====== Material supplied

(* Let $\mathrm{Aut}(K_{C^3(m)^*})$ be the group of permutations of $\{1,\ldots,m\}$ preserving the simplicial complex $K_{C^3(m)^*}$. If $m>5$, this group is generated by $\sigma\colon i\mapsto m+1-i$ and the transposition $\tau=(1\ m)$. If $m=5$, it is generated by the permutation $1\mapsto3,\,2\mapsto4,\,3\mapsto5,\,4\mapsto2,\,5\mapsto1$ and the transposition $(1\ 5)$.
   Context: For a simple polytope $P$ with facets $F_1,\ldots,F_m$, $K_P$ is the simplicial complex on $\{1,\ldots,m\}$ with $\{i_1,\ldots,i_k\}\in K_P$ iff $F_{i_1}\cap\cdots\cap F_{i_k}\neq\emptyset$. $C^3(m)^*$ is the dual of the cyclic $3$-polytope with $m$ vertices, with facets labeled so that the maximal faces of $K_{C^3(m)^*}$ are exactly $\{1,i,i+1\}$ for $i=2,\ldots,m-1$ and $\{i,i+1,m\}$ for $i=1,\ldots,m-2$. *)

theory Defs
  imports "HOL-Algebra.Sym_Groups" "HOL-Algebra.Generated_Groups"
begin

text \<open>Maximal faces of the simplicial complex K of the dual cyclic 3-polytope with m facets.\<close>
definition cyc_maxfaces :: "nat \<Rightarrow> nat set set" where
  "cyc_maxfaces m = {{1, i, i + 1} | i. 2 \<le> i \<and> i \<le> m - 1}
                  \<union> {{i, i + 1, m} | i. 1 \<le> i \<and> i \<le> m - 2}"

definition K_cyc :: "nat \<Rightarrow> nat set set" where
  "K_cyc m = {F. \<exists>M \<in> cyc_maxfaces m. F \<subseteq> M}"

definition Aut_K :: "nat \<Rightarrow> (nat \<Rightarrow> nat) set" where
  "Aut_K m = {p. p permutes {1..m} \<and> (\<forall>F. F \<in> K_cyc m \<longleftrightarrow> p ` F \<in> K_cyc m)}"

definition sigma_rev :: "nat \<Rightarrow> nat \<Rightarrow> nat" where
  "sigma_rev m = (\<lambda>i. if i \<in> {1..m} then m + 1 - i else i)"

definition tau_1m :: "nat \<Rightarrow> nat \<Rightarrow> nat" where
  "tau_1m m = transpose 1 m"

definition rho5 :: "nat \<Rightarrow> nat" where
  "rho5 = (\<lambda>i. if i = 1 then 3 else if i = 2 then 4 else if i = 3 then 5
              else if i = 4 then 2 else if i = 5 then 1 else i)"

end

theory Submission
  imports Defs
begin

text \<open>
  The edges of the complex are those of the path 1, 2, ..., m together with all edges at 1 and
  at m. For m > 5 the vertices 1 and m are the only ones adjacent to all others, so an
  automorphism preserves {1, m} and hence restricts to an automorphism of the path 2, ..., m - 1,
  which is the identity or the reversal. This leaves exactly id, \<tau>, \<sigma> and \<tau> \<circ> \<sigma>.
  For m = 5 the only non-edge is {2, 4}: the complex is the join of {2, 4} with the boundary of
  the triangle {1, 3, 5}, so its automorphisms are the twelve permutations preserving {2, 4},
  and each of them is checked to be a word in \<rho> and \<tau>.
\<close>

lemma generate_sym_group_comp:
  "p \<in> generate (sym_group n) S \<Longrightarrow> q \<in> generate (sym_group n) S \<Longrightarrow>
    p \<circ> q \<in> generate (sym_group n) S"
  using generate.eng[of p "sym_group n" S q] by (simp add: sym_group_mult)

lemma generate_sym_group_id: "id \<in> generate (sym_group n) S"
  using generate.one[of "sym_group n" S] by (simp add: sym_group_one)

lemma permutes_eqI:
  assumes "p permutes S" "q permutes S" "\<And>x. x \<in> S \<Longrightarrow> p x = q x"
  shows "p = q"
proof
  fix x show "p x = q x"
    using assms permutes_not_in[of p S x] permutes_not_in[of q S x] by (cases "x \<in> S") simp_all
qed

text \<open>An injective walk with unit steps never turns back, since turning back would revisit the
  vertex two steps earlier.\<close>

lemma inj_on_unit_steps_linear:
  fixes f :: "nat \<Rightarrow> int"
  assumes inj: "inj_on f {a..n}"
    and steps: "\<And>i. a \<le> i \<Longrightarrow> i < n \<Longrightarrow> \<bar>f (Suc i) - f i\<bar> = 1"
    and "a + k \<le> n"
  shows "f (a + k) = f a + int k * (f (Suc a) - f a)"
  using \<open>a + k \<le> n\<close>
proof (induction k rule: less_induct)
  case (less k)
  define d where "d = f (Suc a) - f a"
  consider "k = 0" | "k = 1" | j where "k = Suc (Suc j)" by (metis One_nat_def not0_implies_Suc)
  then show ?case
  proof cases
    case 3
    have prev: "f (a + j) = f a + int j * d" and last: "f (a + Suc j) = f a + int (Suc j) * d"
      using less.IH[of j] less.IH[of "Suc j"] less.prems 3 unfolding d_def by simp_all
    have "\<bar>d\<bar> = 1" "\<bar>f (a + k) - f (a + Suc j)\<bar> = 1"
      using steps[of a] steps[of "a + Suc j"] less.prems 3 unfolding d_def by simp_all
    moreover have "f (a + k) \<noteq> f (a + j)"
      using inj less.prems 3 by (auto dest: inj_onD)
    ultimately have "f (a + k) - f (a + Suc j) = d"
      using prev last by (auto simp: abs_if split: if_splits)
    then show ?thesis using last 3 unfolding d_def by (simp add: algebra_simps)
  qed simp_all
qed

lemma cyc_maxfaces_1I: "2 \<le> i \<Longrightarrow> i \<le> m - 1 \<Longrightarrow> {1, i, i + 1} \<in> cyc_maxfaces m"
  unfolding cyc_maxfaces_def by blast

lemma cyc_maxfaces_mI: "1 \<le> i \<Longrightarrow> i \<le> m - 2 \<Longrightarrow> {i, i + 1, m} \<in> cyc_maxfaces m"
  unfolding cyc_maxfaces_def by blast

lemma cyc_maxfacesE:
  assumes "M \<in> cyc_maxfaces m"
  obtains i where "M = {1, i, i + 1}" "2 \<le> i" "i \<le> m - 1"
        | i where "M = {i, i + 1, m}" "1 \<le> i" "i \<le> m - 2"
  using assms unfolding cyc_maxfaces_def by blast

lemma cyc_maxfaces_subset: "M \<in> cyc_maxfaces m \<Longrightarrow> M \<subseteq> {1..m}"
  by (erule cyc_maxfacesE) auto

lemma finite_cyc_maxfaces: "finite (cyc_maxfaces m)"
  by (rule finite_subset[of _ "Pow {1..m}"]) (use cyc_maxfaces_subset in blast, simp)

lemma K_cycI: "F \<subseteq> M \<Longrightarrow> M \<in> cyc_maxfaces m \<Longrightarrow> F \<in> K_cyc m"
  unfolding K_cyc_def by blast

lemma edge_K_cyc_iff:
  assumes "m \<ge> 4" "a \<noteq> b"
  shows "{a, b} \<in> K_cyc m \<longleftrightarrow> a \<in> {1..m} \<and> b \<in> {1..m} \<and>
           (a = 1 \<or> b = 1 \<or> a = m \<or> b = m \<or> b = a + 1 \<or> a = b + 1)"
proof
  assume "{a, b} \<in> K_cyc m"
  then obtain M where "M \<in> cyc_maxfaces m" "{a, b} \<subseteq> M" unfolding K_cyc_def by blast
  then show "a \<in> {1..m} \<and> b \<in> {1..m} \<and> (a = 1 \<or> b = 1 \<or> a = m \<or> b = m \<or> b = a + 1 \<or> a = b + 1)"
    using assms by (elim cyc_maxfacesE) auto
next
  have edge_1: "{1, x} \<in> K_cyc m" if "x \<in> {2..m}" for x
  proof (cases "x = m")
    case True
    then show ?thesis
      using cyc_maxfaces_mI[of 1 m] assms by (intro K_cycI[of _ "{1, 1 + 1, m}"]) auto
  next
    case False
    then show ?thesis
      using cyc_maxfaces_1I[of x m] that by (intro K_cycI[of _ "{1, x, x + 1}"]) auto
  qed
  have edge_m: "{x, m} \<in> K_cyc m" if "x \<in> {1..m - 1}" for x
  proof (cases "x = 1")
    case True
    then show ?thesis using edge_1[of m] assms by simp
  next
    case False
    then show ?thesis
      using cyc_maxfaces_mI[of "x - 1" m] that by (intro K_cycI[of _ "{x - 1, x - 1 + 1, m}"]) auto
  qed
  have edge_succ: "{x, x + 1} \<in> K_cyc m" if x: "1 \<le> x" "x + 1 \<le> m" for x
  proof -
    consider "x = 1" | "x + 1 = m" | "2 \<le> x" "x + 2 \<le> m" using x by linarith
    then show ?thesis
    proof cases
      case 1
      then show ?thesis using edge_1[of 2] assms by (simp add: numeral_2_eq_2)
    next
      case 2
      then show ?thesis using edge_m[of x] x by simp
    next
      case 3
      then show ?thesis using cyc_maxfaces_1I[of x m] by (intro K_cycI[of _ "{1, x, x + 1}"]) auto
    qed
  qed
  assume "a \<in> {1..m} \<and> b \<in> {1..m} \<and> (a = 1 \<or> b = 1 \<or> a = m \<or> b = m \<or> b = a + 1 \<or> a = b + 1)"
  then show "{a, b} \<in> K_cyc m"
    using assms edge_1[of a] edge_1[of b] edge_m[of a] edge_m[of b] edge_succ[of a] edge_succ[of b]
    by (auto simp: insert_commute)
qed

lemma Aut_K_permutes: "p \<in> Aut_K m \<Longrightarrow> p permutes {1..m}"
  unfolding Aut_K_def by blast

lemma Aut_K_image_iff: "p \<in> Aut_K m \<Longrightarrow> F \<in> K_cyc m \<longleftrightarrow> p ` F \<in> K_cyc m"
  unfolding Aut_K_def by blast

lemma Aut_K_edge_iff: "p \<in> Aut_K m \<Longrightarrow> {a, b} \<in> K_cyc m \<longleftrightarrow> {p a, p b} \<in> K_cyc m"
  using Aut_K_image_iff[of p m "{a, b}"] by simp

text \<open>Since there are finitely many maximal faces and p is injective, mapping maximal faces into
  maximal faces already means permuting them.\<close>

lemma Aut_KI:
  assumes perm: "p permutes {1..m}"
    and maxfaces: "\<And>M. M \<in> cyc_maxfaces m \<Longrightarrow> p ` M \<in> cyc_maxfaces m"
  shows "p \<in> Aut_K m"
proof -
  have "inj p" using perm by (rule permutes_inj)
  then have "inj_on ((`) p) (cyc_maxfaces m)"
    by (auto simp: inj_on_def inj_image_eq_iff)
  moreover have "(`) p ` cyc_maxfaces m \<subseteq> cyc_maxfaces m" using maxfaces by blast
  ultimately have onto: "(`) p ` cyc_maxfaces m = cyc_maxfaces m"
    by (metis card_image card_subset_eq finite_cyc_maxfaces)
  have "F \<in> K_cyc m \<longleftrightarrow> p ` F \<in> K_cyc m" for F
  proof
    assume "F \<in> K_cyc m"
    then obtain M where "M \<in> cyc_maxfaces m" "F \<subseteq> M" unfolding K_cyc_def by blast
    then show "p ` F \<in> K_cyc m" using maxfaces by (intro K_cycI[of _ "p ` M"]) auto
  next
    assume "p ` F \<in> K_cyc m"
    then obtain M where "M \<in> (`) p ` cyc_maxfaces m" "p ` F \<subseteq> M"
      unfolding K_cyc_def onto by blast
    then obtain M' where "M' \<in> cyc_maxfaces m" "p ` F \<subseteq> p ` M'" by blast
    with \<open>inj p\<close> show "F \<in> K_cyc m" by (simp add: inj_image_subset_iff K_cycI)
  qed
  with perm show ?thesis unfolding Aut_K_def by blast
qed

============

Work to complete
From the line containing "with \<open>inj p\<close>" to the final line of the entries, print every line exactly and nothing else.

Response area
    with \<open>inj p\<close> show "F \<in> K_cyc m" by (simp add: inj_image_subset_iff K_cycI)
  qed
  with perm show ?thesis unfolding Aut_K_def by blast
qed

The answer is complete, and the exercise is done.